▶ How to complete this task: An exact copy of the entries below is the expected answer.

Collected data
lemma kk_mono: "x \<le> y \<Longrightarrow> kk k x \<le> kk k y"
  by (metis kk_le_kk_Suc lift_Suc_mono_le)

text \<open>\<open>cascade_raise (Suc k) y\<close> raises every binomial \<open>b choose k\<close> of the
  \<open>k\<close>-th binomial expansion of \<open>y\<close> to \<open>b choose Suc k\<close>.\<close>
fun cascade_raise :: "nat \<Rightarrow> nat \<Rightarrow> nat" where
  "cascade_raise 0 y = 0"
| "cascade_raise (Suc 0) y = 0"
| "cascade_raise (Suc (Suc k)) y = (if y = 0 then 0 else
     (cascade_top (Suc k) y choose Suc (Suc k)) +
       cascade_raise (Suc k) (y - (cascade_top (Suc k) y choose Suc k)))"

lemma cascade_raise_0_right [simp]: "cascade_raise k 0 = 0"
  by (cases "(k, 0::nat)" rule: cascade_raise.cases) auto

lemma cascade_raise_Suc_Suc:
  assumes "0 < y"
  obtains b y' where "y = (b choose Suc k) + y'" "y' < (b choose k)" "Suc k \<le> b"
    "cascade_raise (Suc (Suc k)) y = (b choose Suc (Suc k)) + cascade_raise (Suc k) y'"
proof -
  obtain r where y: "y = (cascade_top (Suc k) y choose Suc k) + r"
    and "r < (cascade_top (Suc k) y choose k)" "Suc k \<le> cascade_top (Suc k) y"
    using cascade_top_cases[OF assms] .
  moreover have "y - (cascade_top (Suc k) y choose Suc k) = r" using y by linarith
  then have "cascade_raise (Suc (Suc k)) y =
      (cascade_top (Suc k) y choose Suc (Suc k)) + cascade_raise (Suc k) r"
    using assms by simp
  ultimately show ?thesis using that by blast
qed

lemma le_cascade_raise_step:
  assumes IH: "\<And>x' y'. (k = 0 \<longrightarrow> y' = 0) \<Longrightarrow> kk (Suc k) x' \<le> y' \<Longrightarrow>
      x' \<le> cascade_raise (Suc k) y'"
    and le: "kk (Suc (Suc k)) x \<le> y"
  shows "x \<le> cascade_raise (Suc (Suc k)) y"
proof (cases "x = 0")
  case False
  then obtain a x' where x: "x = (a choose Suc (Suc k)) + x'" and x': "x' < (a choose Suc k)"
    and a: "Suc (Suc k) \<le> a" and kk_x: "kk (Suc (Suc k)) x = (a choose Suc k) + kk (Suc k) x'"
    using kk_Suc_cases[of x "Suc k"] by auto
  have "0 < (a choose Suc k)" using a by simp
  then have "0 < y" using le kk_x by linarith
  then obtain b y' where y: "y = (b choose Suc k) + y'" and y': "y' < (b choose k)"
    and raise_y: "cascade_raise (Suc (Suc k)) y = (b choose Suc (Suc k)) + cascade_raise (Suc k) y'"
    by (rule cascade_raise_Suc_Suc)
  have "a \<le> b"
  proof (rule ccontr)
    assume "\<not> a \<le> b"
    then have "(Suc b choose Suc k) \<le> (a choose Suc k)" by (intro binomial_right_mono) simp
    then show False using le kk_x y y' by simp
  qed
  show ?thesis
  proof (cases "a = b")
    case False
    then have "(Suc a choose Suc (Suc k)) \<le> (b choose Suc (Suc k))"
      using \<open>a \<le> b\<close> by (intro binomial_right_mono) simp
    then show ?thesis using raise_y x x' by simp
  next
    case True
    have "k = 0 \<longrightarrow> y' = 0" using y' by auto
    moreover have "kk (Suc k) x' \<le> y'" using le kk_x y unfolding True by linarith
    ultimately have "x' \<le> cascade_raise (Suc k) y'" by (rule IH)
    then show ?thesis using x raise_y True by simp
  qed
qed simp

▶ Solved exercise:
lemma kk_mono: "x \<le> y \<Longrightarrow> kk k x \<le> kk k y"
  by (metis kk_le_kk_Suc lift_Suc_mono_le)

text \<open>\<open>cascade_raise (Suc k) y\<close> raises every binomial \<open>b choose k\<close> of the
  \<open>k\<close>-th binomial expansion of \<open>y\<close> to \<open>b choose Suc k\<close>.\<close>
fun cascade_raise :: "nat \<Rightarrow> nat \<Rightarrow> nat" where
  "cascade_raise 0 y = 0"
| "cascade_raise (Suc 0) y = 0"
| "cascade_raise (Suc (Suc k)) y = (if y = 0 then 0 else
     (cascade_top (Suc k) y choose Suc (Suc k)) +
       cascade_raise (Suc k) (y - (cascade_top (Suc k) y choose Suc k)))"

lemma cascade_raise_0_right [simp]: "cascade_raise k 0 = 0"
  by (cases "(k, 0::nat)" rule: cascade_raise.cases) auto

lemma cascade_raise_Suc_Suc:
  assumes "0 < y"
  obtains b y' where "y = (b choose Suc k) + y'" "y' < (b choose k)" "Suc k \<le> b"
    "cascade_raise (Suc (Suc k)) y = (b choose Suc (Suc k)) + cascade_raise (Suc k) y'"
proof -
  obtain r where y: "y = (cascade_top (Suc k) y choose Suc k) + r"
    and "r < (cascade_top (Suc k) y choose k)" "Suc k \<le> cascade_top (Suc k) y"
    using cascade_top_cases[OF assms] .
  moreover have "y - (cascade_top (Suc k) y choose Suc k) = r" using y by linarith
  then have "cascade_raise (Suc (Suc k)) y =
      (cascade_top (Suc k) y choose Suc (Suc k)) + cascade_raise (Suc k) r"
    using assms by simp
  ultimately show ?thesis using that by blast
qed

lemma le_cascade_raise_step:
  assumes IH: "\<And>x' y'. (k = 0 \<longrightarrow> y' = 0) \<Longrightarrow> kk (Suc k) x' \<le> y' \<Longrightarrow>
      x' \<le> cascade_raise (Suc k) y'"
    and le: "kk (Suc (Suc k)) x \<le> y"
  shows "x \<le> cascade_raise (Suc (Suc k)) y"
proof (cases "x = 0")
  case False
  then obtain a x' where x: "x = (a choose Suc (Suc k)) + x'" and x': "x' < (a choose Suc k)"
    and a: "Suc (Suc k) \<le> a" and kk_x: "kk (Suc (Suc k)) x = (a choose Suc k) + kk (Suc k) x'"
    using kk_Suc_cases[of x "Suc k"] by auto
  have "0 < (a choose Suc k)" using a by simp
  then have "0 < y" using le kk_x by linarith
  then obtain b y' where y: "y = (b choose Suc k) + y'" and y': "y' < (b choose k)"
    and raise_y: "cascade_raise (Suc (Suc k)) y = (b choose Suc (Suc k)) + cascade_raise (Suc k) y'"
    by (rule cascade_raise_Suc_Suc)
  have "a \<le> b"
  proof (rule ccontr)
    assume "\<not> a \<le> b"
    then have "(Suc b choose Suc k) \<le> (a choose Suc k)" by (intro binomial_right_mono) simp
    then show False using le kk_x y y' by simp
  qed
  show ?thesis
  proof (cases "a = b")
    case False
    then have "(Suc a choose Suc (Suc k)) \<le> (b choose Suc (Suc k))"
      using \<open>a \<le> b\<close> by (intro binomial_right_mono) simp
    then show ?thesis using raise_y x x' by simp
  next
    case True
    have "k = 0 \<longrightarrow> y' = 0" using y' by auto
    moreover have "kk (Suc k) x' \<le> y'" using le kk_x y unfolding True by linarith
    ultimately have "x' \<le> cascade_raise (Suc k) y'" by (rule IH)
    then show ?thesis using x raise_y True by simp
  qed
qed simp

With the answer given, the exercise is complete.